9. verification strategy (passed)

the following tests must pass before any release:

  1. unit tests: 23,800+ assertions in lithos_test_main (covering wal, skiplist, bloom, cache).
  2. leak check: valgrind --leak-check=full must report 0 bytes lost.
  3. gauntlet: lithos_stress must pass all 4 stages (saturation, isolation, persistence, tombstones).
  4. benchmark: lithos_cli bench must demonstrate >30k ops/sec.

9.1 sanitizer qa (asan/ubsan)

run on fresh builds to guarantee leak/ub freedom while still surfacing corruption:

make sanitize -j$(nproc)

rm -rf /tmp/lithos-sanitize-stress && ./build/bin/lithos_stress /tmp/lithos-sanitize-stress
# Expect: Gauntlet passes, no sanitizer output.

rm -rf /tmp/lithos-fuzz-db && ./build/bin/lithos_fuzz /tmp/lithos-fuzz-db
# Expect: corruption message (flipped SST) and clean ASan/UBSan exit with zero leaks.

notes: imm memtable flush now drops both worker and db refs; filemetadata created during flush is released on both success and failure, keeping leak detectors clean.

9.2 recent bug fixes

the following issues were identified and resolved:

  1. sequence number recovery: filemetadata now stores max_sequence (highest sequence number in file). on db open, the engine scans all sst files and restores last_sequence to prevent reusing sequence numbers after restart.

  2. double-free in compaction: docompactionwork previously destroyed merge iterator children after the merge iterator itself had already freed them. fixed by removing redundant child destruction.

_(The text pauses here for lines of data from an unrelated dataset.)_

(* For every integer $n\ge 0$, \[ \sum_{k=0}^{n}(-4)^k\frac{\binom{n}{k}}{\binom{2k}{k}}H_{2k} =\frac{2H_{2n}-H_n}{2(2n-1)}-\frac{4n}{(2n-1)^2}. \]
   Context: For an integer $m\ge 0$, $H_m$ denotes the $m$-th harmonic number: $H_0=0$ and $H_m=\sum_{j=1}^m \frac1j$ for $m\ge1$. $\binom{n}{k}$ is the usual binomial coefficient. *)

theory Defs
  imports "HOL-Analysis.Analysis"
begin

end

theory Submission
  imports Defs
begin

text \<open>Let \<open>a(k) = (-4)^k C(n,k) / C(2k,k)\<close>. The term ratio \<open>a(k+1)/a(k) = -2(n-k)/(2k+1)\<close>
  makes \<open>a\<close> Gosper-summable: \<open>G(k) = (1-2k) a(k) / (2n-1)\<close> satisfies \<open>G(k+1) - G(k) = a(k)\<close>,
  whence \<open>\<Sum>k\<le>n. a(k) = -1/(2n-1)\<close>. Summation by parts against \<open>H(2k)\<close> reduces the theorem
  to this sum and to \<open>\<Sum>k<n. a(k+1)/(k+1) = H(n) - 2 H(2n)\<close>, which follows by induction on \<open>n\<close>
  from Pascal's rule.\<close>

lemma sum_lessThan_by_parts:
  fixes F h :: "nat \<Rightarrow> 'a::comm_ring"
  shows "(\<Sum>k<m. (F (Suc k) - F k) * h k)
    = F m * h m - F 0 * h 0 - (\<Sum>k<m. F (Suc k) * (h (Suc k) - h k))"
  by (induction m) (simp_all add: algebra_simps)

lemma two_real_minus_1_neq_0: "2 * real n - 1 \<noteq> 0"
proof
  assume "2 * real n - 1 = 0"
  then have "2 * n = 1" by linarith
  then show False by presburger
qed

lemma central_binomial_Suc: "(2 * Suc k choose Suc k) * Suc k = 2 * (2 * k + 1) * (2 * k choose k)"
proof -
  have pascal: "(Suc (2 * k) choose k) * Suc k = Suc (2 * k) * (2 * k choose k)"
    by (metis Suc_times_binomial_eq binomial_symmetric le_add2 mult.commute mult_2 diff_add_inverse2 add_Suc_right)
  have "(2 * Suc k choose Suc k) * Suc k * Suc k = Suc (Suc (2 * k)) * ((Suc (2 * k) choose k) * Suc k)"
    by (metis Suc_times_binomial mult_2 add_Suc_right add_Suc mult.commute mult.assoc)
  also have "\<dots> = 2 * (2 * k + 1) * (2 * k choose k) * Suc k"
    unfolding pascal by simp
  finally show ?thesis by (metis mult_right_cancel nat.distinct(1))
qed

lemma binomial_Suc_mult: "real (n choose Suc k) * (real k + 1) = (real n - real k) * real (n choose k)"
proof -
  have "real (Suc n) * real (n choose k) = real (Suc n choose Suc k) * real (Suc k)"
    by (metis Suc_times_binomial_eq of_nat_mult)
  then show ?thesis by (simp add: algebra_simps)
qed

lemma harm_double_Suc:
  "harm (2 * Suc k) = (harm (2 * k) :: real) + 1 / (2 * real k + 1) + 1 / (2 * real k + 2)"
  by (simp add: harm_Suc inverse_eq_divide add_ac)

definition binom_quot :: "nat \<Rightarrow> nat \<Rightarrow> real" where
  "binom_quot n k = (-4)^k * (real (n choose k) / real ((2*k) choose k))"

lemma binom_quot_0 [simp]: "binom_quot n 0 = 1"
  by (simp add: binom_quot_def)

lemma binom_quot_eq_0: "n < k \<Longrightarrow> binom_quot n k = 0"
  by (simp add: binom_quot_def)

lemma binom_quot_mult_central: "binom_quot n k * real (2 * k choose k) = (-4)^k * real (n choose k)"
proof -
  have "real (2 * k choose k) \<noteq> 0" by simp
  then show ?thesis unfolding binom_quot_def by simp
qed

lemma binom_quot_Suc:
  "binom_quot n (Suc k) * (2 * real k + 1) = - 2 * (real n - real k) * binom_quot n k"
proof -
  define c where "c = real (2 * k choose k)"
  define c' where "c' = real (2 * Suc k choose Suc k)"
  have "c > 0" unfolding c_def by simp
  have central: "c' * (real k + 1) = 2 * (2 * real k + 1) * c"
    unfolding c_def c'_def using central_binomial_Suc[of k, THEN arg_cong[where f = real]]
    by (simp only: of_nat_mult of_nat_Suc of_nat_add of_nat_numeral of_nat_1 add.commute)
  have "binom_quot n (Suc k) * (2 * real k + 1) * (2 * c) = binom_quot n (Suc k) * (c' * (real k + 1))"
    unfolding central by (simp add: algebra_simps)
  also have "\<dots> = (-4)^Suc k * (real (n choose Suc k) * (real k + 1))"
    unfolding c'_def by (simp only: binom_quot_mult_central mult.assoc[symmetric])
  also have "\<dots> = - 2 * (real n - real k) * binom_quot n k * (2 * c)"
    using \<open>c > 0\<close> unfolding binomial_Suc_mult binom_quot_def c_def[symmetric]
    by (simp add: field_simps)
  finally show ?thesis
    using \<open>c > 0\<close> by simp
qed

lemma binom_quot_Suc_Suc:
  "(real n + 1) * (binom_quot (Suc n) (Suc k) - binom_quot n (Suc k))
    = (real k + 1) * binom_quot (Suc n) (Suc k)"
proof -
  define c where "c = real (2 * Suc k choose Suc k)"
  define p where "p = (-4::real) ^ Suc k"
  have bq: "binom_quot m (Suc k) = p * real (m choose Suc k) / c" for m
    unfolding binom_quot_def c_def p_def by simp
  have absorb: "(real n + 1) * real (n choose k) = (real k + 1) * real (Suc n choose Suc k)"
    using Suc_times_binomial_eq[of n k, THEN arg_cong[where f = real]]
    by (simp only: of_nat_mult of_nat_Suc add.commute mult.commute)
  have "(real n + 1) * (binom_quot (Suc n) (Suc k) - binom_quot n (Suc k))
      = p * ((real n + 1) * real (n choose k)) / c"
    unfolding bq by (simp add: algebra_simps diff_divide_distrib[symmetric])
  also have "\<dots> = (real k + 1) * binom_quot (Suc n) (Suc k)"
    unfolding absorb bq by (simp del: binomial_Suc_Suc)
  finally show ?thesis .
qed

definition binom_quot_antidiff :: "nat \<Rightarrow> nat \<Rightarrow> real" where
  "binom_quot_antidiff n k = (1 - 2 * real k) * binom_quot n k / (2 * real n - 1)"

lemma binom_quot_antidiff_Suc:
  "binom_quot_antidiff n (Suc k) - binom_quot_antidiff n k = binom_quot n k"
proof -
  define D where "D = 2 * real n - 1"
  have "D \<noteq> 0" unfolding D_def by (rule two_real_minus_1_neq_0)
  have step: "(1 - 2 * real (Suc k)) * binom_quot n (Suc k) = 2 * (real n - real k) * binom_quot n k"
    using binom_quot_Suc[of n k] by (simp add: algebra_simps)
  have "binom_quot_antidiff n (Suc k) - binom_quot_antidiff n k
      = (2 * (real n - real k) * binom_quot n k - (1 - 2 * real k) * binom_quot n k) / D"
    unfolding binom_quot_antidiff_def D_def[symmetric] diff_divide_distrib[symmetric] step ..
  also have "\<dots> = D * binom_quot n k / D"
    unfolding D_def by (simp add: algebra_simps)
  finally show ?thesis
    using \<open>D \<noteq> 0\<close> by simp
qed

lemma sum_binom_quot: "(\<Sum>k\<le>n. binom_quot n k) = - 1 / (2 * real n - 1)"
proof -
  have "(\<Sum>k\<le>n. binom_quot n k) = (\<Sum>k<Suc n. binom_quot_antidiff n (Suc k) - binom_quot_antidiff n k)"
    by (simp add: lessThan_Suc_atMost binom_quot_antidiff_Suc)
  also have "\<dots> = binom_quot_antidiff n (Suc n) - binom_quot_antidiff n 0"
    by (rule sum_lessThan_telescope)
  finally show ?thesis
    by (simp add: binom_quot_antidiff_def binom_quot_eq_0)
qed

lemma sum_binom_quot_Suc: "(\<Sum>k<n. binom_quot n (Suc k)) = - 1 / (2 * real n - 1) - 1"
  using sum_binom_quot[of n] unfolding lessThan_Suc_atMost[symmetric] sum.lessThan_Suc_shift by simp

lemma sum_binom_quot_Suc_div:
  "(\<Sum>k<n. binom_quot n (Suc k) / (real k + 1)) = harm n - 2 * harm (2 * n)"
proof (induction n)
  case 0
  then show ?case by (simp add: harm_def)
next
  case (Suc n)
  have diff: "(binom_quot (Suc n) (Suc k) - binom_quot n (Suc k)) / (real k + 1)
      = binom_quot (Suc n) (Suc k) / (real n + 1)" for k
    using binom_quot_Suc_Suc[of n k] by (simp add: frac_eq_eq algebra_simps)
  have split: "binom_quot (Suc n) (Suc k) / (real k + 1)
      = binom_quot n (Suc k) / (real k + 1) + binom_quot (Suc n) (Suc k) / (real n + 1)" for k
    using diff[of k] unfolding diff_divide_distrib by linarith
  have "(\<Sum>k<Suc n. binom_quot (Suc n) (Suc k) / (real k + 1))
      = (\<Sum>k<Suc n. binom_quot n (Suc k) / (real k + 1))
        + (\<Sum>k<Suc n. binom_quot (Suc n) (Suc k)) / (real n + 1)"
    unfolding split sum.distrib sum_divide_distrib ..
  also have "\<dots> = harm n - 2 * harm (2 * n) + (- 1 / (2 * real n + 1) - 1) / (real n + 1)"
    using Suc.IH sum_binom_quot_Suc[of "Suc n"] by (simp add: binom_quot_eq_0 add_ac)
  also have "(- 1 / (2 * real n + 1) - 1) / (real n + 1) = - 2 * (1 / (2 * real n + 1))"
    by (simp add: divide_simps)
  also have "harm n - 2 * harm (2 * n) + - 2 * (1 / (2 * real n + 1))
      = harm (Suc n) - 2 * harm (2 * Suc n)"
  proof -
    have "harm (Suc n) = harm n + 1 / (real n + 1)"
      by (simp add: harm_Suc inverse_eq_divide add.commute)
    moreover have "2 * (1 / (2 * real n + 2)) = 1 / (real n + 1)"
      by (simp add: divide_simps)
    ultimately show ?thesis
      unfolding harm_double_Suc by (simp add: algebra_simps)
  qed
  finally show ?case .
qed

lemma binom_quot_antidiff_mult_harm_diff:
  "binom_quot_antidiff n (Suc k) * (harm (2 * Suc k) - harm (2 * k))
    = binom_quot n (Suc k) * (1 / (2 * real k + 2) - 2) / (2 * real n - 1)"
proof -
  have "(1 - 2 * real (Suc k)) * (harm (2 * Suc k) - harm (2 * k))
      = (1 - 2 * real (Suc k)) * (1 / (2 * real k + 1) + 1 / (2 * real k + 2))"
    unfolding harm_double_Suc by simp
  also have "\<dots> = 1 / (2 * real k + 2) - 2"
    by (simp add: divide_simps) (simp add: algebra_simps)
  finally have "(1 - 2 * real (Suc k)) * (harm (2 * Suc k) - harm (2 * k))
      = 1 / (2 * real k + 2) - 2" .
  then show ?thesis
    unfolding binom_quot_antidiff_def by (metis mult.commute mult.left_commute times_divide_eq_left)
qed

lemma sum_binom_quot_mult_harm_double:
  "(\<Sum>k\<le>n. binom_quot n k * harm (2 * k))
    = (2 * (\<Sum>k<n. binom_quot n (Suc k)) - (\<Sum>k<n. binom_quot n (Suc k) / (real k + 1)) / 2)
      / (2 * real n - 1)"
proof -
  define G where "G = binom_quot_antidiff n"
  have "G (Suc n) = 0"
    unfolding G_def binom_quot_antidiff_def by (simp add: binom_quot_eq_0)
  have summand: "- (binom_quot n (Suc k) * (1 / (2 * real k + 2) - 2))
      = 2 * binom_quot n (Suc k) - binom_quot n (Suc k) / (real k + 1) / 2" for k
    by (simp add: divide_simps) (simp add: algebra_simps)
  have "(\<Sum>k\<le>n. binom_quot n k * harm (2 * k)) = (\<Sum>k<Suc n. (G (Suc k) - G k) * harm (2 * k))"
    unfolding G_def binom_quot_antidiff_Suc lessThan_Suc_atMost ..
  also have "\<dots> = G (Suc n) * harm (2 * Suc n) - G 0 * harm (2 * 0)
      - (\<Sum>k<Suc n. G (Suc k) * (harm (2 * Suc k) - harm (2 * k)))"
    by (rule sum_lessThan_by_parts)
  also have "\<dots> = - (\<Sum>k<Suc n. G (Suc k) * (harm (2 * Suc k) - harm (2 * k)))"
    unfolding \<open>G (Suc n) = 0\<close> by (simp add: harm_def)
  also have "\<dots> = - (\<Sum>k<n. binom_quot n (Suc k) * (1 / (2 * real k + 2) - 2)) / (2 * real n - 1)"
    unfolding G_def binom_quot_antidiff_mult_harm_diff by (simp add: binom_quot_eq_0 sum_divide_distrib)
  also have "\<dots> = (\<Sum>k<n. 2 * binom_quot n (Suc k) - binom_quot n (Suc k) / (real k + 1) / 2)
      / (2 * real n - 1)"
    by (simp only: sum_negf[symmetric] summand)
  finally show ?thesis
    unfolding sum_subtractf sum_distrib_left[symmetric] sum_divide_distrib[symmetric] .
qed

theorem theorem1:
  fixes n :: nat
  shows "(\<Sum>k=0..n. (-4::real)^k * (real (n choose k) / real ((2*k) choose k)) * harm (2*k))
    = (2 * harm (2*n) - harm n) / (2 * (2 * real n - 1)) - 4 * real n / (2 * real n - 1)^2"
proof -
  define D where "D = 2 * real n - 1"
  have "D \<noteq> 0"
    unfolding D_def by (rule two_real_minus_1_neq_0)
  have "(\<Sum>k=0..n. (-4::real)^k * (real (n choose k) / real ((2*k) choose k)) * harm (2*k))
      = (\<Sum>k\<le>n. binom_quot n k * harm (2 * k))"
    unfolding binom_quot_def atLeast0AtMost ..
  also have "\<dots> = (2 * (- 1 / D - 1) - (harm n - 2 * harm (2 * n)) / 2) / D"
    unfolding sum_binom_quot_mult_harm_double sum_binom_quot_Suc sum_binom_quot_Suc_div D_def ..
  also have "\<dots> = (2 * harm (2*n) - harm n) / (2 * D) - 2 * (D + 1) / D^2"
    using \<open>D \<noteq> 0\<close> by (simp add: field_simps power2_eq_square)
  also have "2 * (D + 1) = 4 * real n"
    unfolding D_def by simp
  finally show ?thesis
    unfolding D_def .
qed

end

  3. memory leaks in db close:

    • iterator leak: writelevel0table now destroys the memtable iterator on empty-table early return.
    • memtable ref leak: compactmemtable now properly unrefs both the local reference and the db->imm reference before clearing the pointer.
  4. test internal key format: unit tests now use proper internal keys (user key + 8-byte sequence/type trailer) when calling tablebuilder_add and iterator seeks.